Cop-turned-thief ordered back to work
Sheriff’s department must pay back wages
A thief has been ordered reinstated to her job as a Sangamon County sheriff’s deputy.
Sherry Waldron admits that she shoplifted $26 worth of groceries from a Schnuck’s on Sangamon Avenue in the spring of 2013. Two months earlier, she had been acquitted of stealing plants from a Sherman park, a case that prompted the sheriff’s department to fire her in 2012.
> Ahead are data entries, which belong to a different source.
(* Let $a \in \mathbb{R}$ and $w \in \mathbb{C}$. Then: (I) $T(a,w) = (0,\infty)$ if and only if $a \ge |w|$ and $a > \operatorname{Re}(w)$. (II) $T(a,w)$ is a nonempty proper subset of $(0,\infty)$ if and only if $w \neq 0$ and $\operatorname{Re}(w) < a < |w|$. In this case $T(a,w) = (0, \tau_c(a,w))$, where $$\tau_c(a,w) = \frac{1}{\sqrt{|w|^2-a^2}}\left[|\operatorname{Arg}(w)| - \arccos\left(\frac{a}{|w|}\right)\right] = \frac{1}{\sqrt{|w|^2-a^2}}\left[|\operatorname{Arg}(w)| - \operatorname{arccot}\left(\frac{a}{\sqrt{|w|^2-a^2}}\right)\right] > 0.$$ (III) $T(a,w) = \emptyset$ if and only if $a \le \operatorname{Re}(w)$.
   Context: For $a, w \in \mathbb{C}$, $T(a,w)$ denotes the set of all $\tau > 0$ such that every root $z \in \mathbb{C}$ of $z + a - w e^{-\tau z} = 0$ has negative real part. $\operatorname{Arg}(w) \in (-\pi,\pi]$ is the principal argument of $w \neq 0$; $\arccos : [-1,1] \to [0,\pi]$ is the inverse of $\cos|_{[0,\pi]}$; $\operatorname{arccot}: \mathbb{R} \to (0,\pi)$ is the inverse of $\cot|_{(0,\pi)}$. *)

theory Defs
  imports "HOL-Analysis.Analysis"
begin

definition stab_delays :: "complex \<Rightarrow> complex \<Rightarrow> real set" where
  "stab_delays a w = {\<tau>. \<tau> > 0 \<and>
     (\<forall>z::complex. z + a - w * exp (- (complex_of_real \<tau>) * z) = 0 \<longrightarrow> Re z < 0)}"

definition arccot :: "real \<Rightarrow> real" where
  "arccot x = (THE y. 0 < y \<and> y < pi \<and> cot y = x)"

end

theory Submission
  imports Defs
begin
“I find that although Ms. Waldron has made some serious mistakes in the last several years, her character is beyond repute,” wrote arbitrator Timothy B. Tobin in ordering Waldron immediately reinstated with full back pay, lost overtime and benefits. “Ms. Waldron has shown over her 10-year term of employment with the sheriff’s office that she can be an outstanding sheriff’s deputy, she deserves another chance.”
Even Waldron didn’t think she had a shot at reinstatement when she stole the groceries, according to the decision issued last week. The ruling marks the third time that an arbitrator has decided Waldron must be allowed to work as a cop even though she is an admitted thief.
Dennis McGilligan, a different arbitrator who considered both the plant incident and the shoplifting case, last year ruled that Waldron must be reinstated. The county appealed the decision, and a judge sent the case back to McGilligan, ordering him to consider only the plant incident and to use a less-strict standard of evidence than he did in his initial ruling. The result, however, was the same, and the county earlier this year wrote a check for more than $223,000 to cover back wages and benefits.
This time, Tobin considered only the shoplifting charge to which Waldron pleaded guilty. He found that the sheriff’s department didn’t have the authority to fire Waldron for the theft because she was not an employee at the time she stole the groceries, having been terminated a year earlier due to the plant incident.
“It is impossible for an employer to discharge a non-employee for just cause,” Tobin wrote.
The arbitrator also ruled that the department wrongly took into account the plant incident when deciding that Waldron should be terminated after she stole groceries.
The sheriff’s department has said that Waldron cannot be an effective deputy because her credibility would be questioned in court. Department officials could not be reached for comment.
In ruling in Waldron’s favor last year, McGilligan found that sheriff’s officials disciplined female employees more harshly than male workers. Tobin in his ruling last week rejected a contention by the Illinois Fraternal Order of Police Labor Council, the union for sheriff’s deputies, that the department had discriminated against Waldron or subjected her to unequal treatment.
Waldron told Tobin that she lost her home and car after she was terminated and was forced to sell her personal property and cash in her pension. She also said that she had sought psychiatric help and been diagnosed with depression. Tobin wrote that he rejected an argument from the union that Waldron wasn’t a typical thief because “she was hungry, destitute and depressed.”
“I do not agree, theft is theft no matter the underlying circumstances,” Tobin wrote.
Waldron at last report was working as a part-time postmaster for the U.S. Postal Service.